- Film poster
- Directed by: Brigitte Poupart
- Written by: Brigitte Poupart
- Produced by: Virginie Dubois Stéphanie Morissette Brigitte Poupart
- Starring: Dave St-Pierre [fr]
- Cinematography: Brigitte Poupart
- Edited by: Alexis Landriault
- Music by: Misteur Valaire Marie-Jo Thério
- Production company: Coop Vidéo de Montréal [fr]
- Distributed by: Les Films du 3 mars [fr]
- Release date: February 26, 2012 (RVQC);
- Running time: 80 minutes
- Country: Canada
- Language: French

= Over My Dead Body (2012 Canadian film) =

Over My Dead Body is a Canadian documentary film, directed by Brigitte Poupart and released in 2012. The film is a portrait of Dave St-Pierre, a dancer and choreographer from Montreal who is urgently awaiting a lung transplant due to his lifelong battle with cystic fibrosis.

The film premiered in February 2012 at the Rendez-vous Québec Cinéma.

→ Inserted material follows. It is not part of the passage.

(* For $v \in l^2(\mathbb{T}_t; \mathbb{R}^{m_2})$, $k\in\mathbb{T}_t$, $\widetilde{v}_k \in l^2(k; \mathbb{R}^{m_2})$ and $\varepsilon \in\mathbb{R}$, let $v^\varepsilon_\ell=v_k+\varepsilon \widetilde{v}_k$ if $\ell=k$ and $v^\varepsilon_\ell=v_\ell$ if $\ell\neq k$, $\ell\in \mathbb{T}_t$, and $v^\varepsilon=(v_t^\varepsilon, \ldots, v^\varepsilon_{N-1})$. Then \begin{eqnarray*} &&J_2(k, X_k; \alpha^t(x, v^\varepsilon)|_{\mathbb{T}_{k}}, (v_k+\varepsilon \widetilde{v}_k, v|_{\mathbb{T}_{k+1}}))- J_2(k, X_k; \alpha^t(x, v)|_{\mathbb{T}_{k}}, v|_{\mathbb{T}_{k}})\\ &&=2\varepsilon \Big{[}\widetilde{B}_k^TZ_{k+1}+\widetilde{B}_{k}^T\overline{Z}_{k+1}^{(k)}+W_2v_k +(H_k^2)^TR_2(H_k^1X_k+H_k^2v_k+H_k^3\pi_{k+1})\\ &&\hphantom{=}+\sum_{i=t}^{k-1}C_{k}\widetilde{A}_{k-1}\cdots \widetilde{A}_{i+1}\widetilde{C}_{i}^T\overline{Z}_{i+1}^{(k)} \Big{]}^T\widetilde{v}_k+\varepsilon^2\widehat{J}_2(k, 0; \widetilde{v}_k). \end{eqnarray*} Here $(X,\pi)$ solves $X_{k+1}=\widetilde{A}_kX_k+\widetilde{B}_kv_{k}+\widetilde{C}_k\pi_{k+1}$, $\pi_k=C_k^Tv_k+\widetilde{A}_k^T\pi_{k+1}$, $X_t=x$, $\pi_N=0$, $k\in\mathbb{T}_t$; $Z$ solves $Z_k=Q_2X_{k}+A^TZ_{k+1}$, $Z_{N}=G_2X_N$, $k \in \mathbb{T}_t$; and for each $k\in\mathbb{T}_t$, $\overline{Z}^{(k)}$ solves $\overline{Z}^{(k)}_{\ell}=(H_{\ell}^1)^TR_2(H_{\ell}^1X_{\ell}+H^2_{\ell}v_{\ell}+H^3_{\ell}\pi_{\ell+1})-(H_{\ell}^1)^TB_1^TZ_{\ell+1}+\widetilde{A}_{\ell}^T\overline{Z}^{(k)}_{\ell+1}$ for $\ell\in\mathbb{T}_{k}$, $\overline{Z}^{(k)}_{i}=\widetilde{A}_{i}^T\overline{Z}^{(k)}_{i+1}$ for $i\in \{t, \ldots,k-1\}$, $\overline{Z}^{(k)}_{N}=0$. Furthermore, \begin{eqnarray*} \widehat{J}_2(k, 0; \widetilde{v}_k)&=&\sum_{\ell=k}^{N-1}\xi_\ell^TQ_2\xi_\ell+ \sum_{\ell=k+1}^{N-1}(\eta^{(k)}_{\ell})^T(H_{\ell}^1)^TR_2H_{\ell}^1\eta^{(k)}_{\ell} + \widetilde{v}_k^TW_{2} \widetilde{v}_k \\ &&+\xi_{N}^TG_2\xi_{N}+(H_k^1\eta^{(k)}_k+H^2_k \widetilde{v}_k)^TR_2(H_k^1\eta^{(k)}_k+H^2_k \widetilde{v}_k), \end{eqnarray*} where $\eta^{(k)}_{t}=0$, $\eta^{(k)}_{i+1}=\widetilde{A}_{i}\eta^{(k)}_{i}+ \widetilde{C}_{i} \widetilde{A}_{i+1}^T\cdots \widetilde{A}_{k-1}^TC_{k}^T\widetilde{v}_k$ for $i\in \{t, \ldots, k-1\}$, $\eta^{(k)}_{k+1}=\widetilde{A}_k\eta^{(k)}_k+ \widetilde{B}_k\widetilde{v}_k$, $\eta^{(k)}_{\ell+1}=\widetilde{A}_\ell\eta^{(k)}_{\ell}$ for $\ell\in \mathbb{T}_{k+1}$; and $\xi_k=0$, $\xi_{k+1}=A\xi_k-B_1H_k^1\eta^{(k)}_k+ \widetilde{B}_k\widetilde{v}_k$, $\xi_{\ell+1}=A\xi_\ell-B_1H_{\ell}^1\eta^{(k)}_{\ell}$ for $\ell\in \mathbb{T}_{k+1}$. The product $\widetilde{A}_{i+1}^T\cdots \widetilde{A}_{k-1}^T$ equals $I$ if $i+1>k-1$, and $\widetilde{A}_{k-1}\cdots \widetilde{A}_{i+1}$ is its transpose.
   Context: Let $N>2$ be an integer, $\mathbb{T}_t=\{t,\ldots,N-1\}$ for $t\in\{0,\ldots,N-1\}$, $l^2(\mathbb{T}_t;\mathbb{R}^m)$ the space of sequences $\{\rho_k,k\in\mathbb{T}_t\}$ with $\rho_k\in\mathbb{R}^m$, $l^2(k;\mathbb{R}^m)=\mathbb{R}^m$, and for a process $v$ let $v|_{\mathbb{T}_k}=(v_k,\ldots,v_{N-1})$. Consider the system $X_{k+1}=AX_k+B_1u_k+B_2v_k$, $X_t=x$, $k\in\mathbb{T}_t$, with cost functionals $J_i(t,x;u,v)=\sum_{k=t}^{N-1}(X_k^TQ_iX_k+u_k^TR_iu_k+v_k^TW_iv_k)+X_N^TG_iX_N$, $i=1,2$, deterministic matrices and $Q_i,G_i,R_i,W_i$ nonnegative definite; $J_i(k,y;\cdot,\cdot)$ denotes the same functional started at time $k$ from state $y$ with controls on $\mathbb{T}_k$ (the state inside is propagated by the original dynamics). Assume $M_k=B_1^TP_{k+1}B_1+R_1$, $k\in\mathbb{T}_t$, are positive definite, where $P_k=Q_1+A^TP_{k+1}A-A^TP_{k+1}B_1M_k^{-1}B_1^TP_{k+1}A$, $P_N=G_1$. Set $H^1_k=M_k^{-1}B_1^TP_{k+1}A$, $H^2_k=M_k^{-1}B_1^TP_{k+1}B_2$, $H^3_k=M_k^{-1}B_1^T$, $\widetilde{A}_k=A-B_1H^1_k$, $\widetilde{B}_k=B_2-B_1H^2_k$, $\widetilde{C}_k=-B_1H^3_k$, $C_k=(B_2^T-B_2^TP_{k+1}B_1M_k^{-1}B_1^T)P_{k+1}A$. The follower's equilibrium response map is $[\alpha^t(x,v)]_k=-(H^1_kX_k+H^2_kv_k+H^3_k\pi_{k+1})$, $k\in\mathbb{T}_t$, where $(X,\pi)$ solves $X_{k+1}=\widetilde{A}_kX_k+\widetilde{B}_kv_k+\widetilde{C}_k\pi_{k+1}$, $\pi_k=C_k^Tv_k+\widetilde{A}_k^T\pi_{k+1}$, $X_t=x$, $\pi_N=0$. *)

theory Defs
  imports "HOL-Analysis.Analysis"
begin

The film was a Canadian Screen Award nominee for Best Feature Length Documentary at the 1st Canadian Screen Awards, and won the Prix Jutra for Best Documentary Film at the 15th Jutra Awards. It was a nominee for the Prix collégial du cinéma québécois in 2013.

==Release==
Over My Dead Body was released on DVD on October 23, 2012.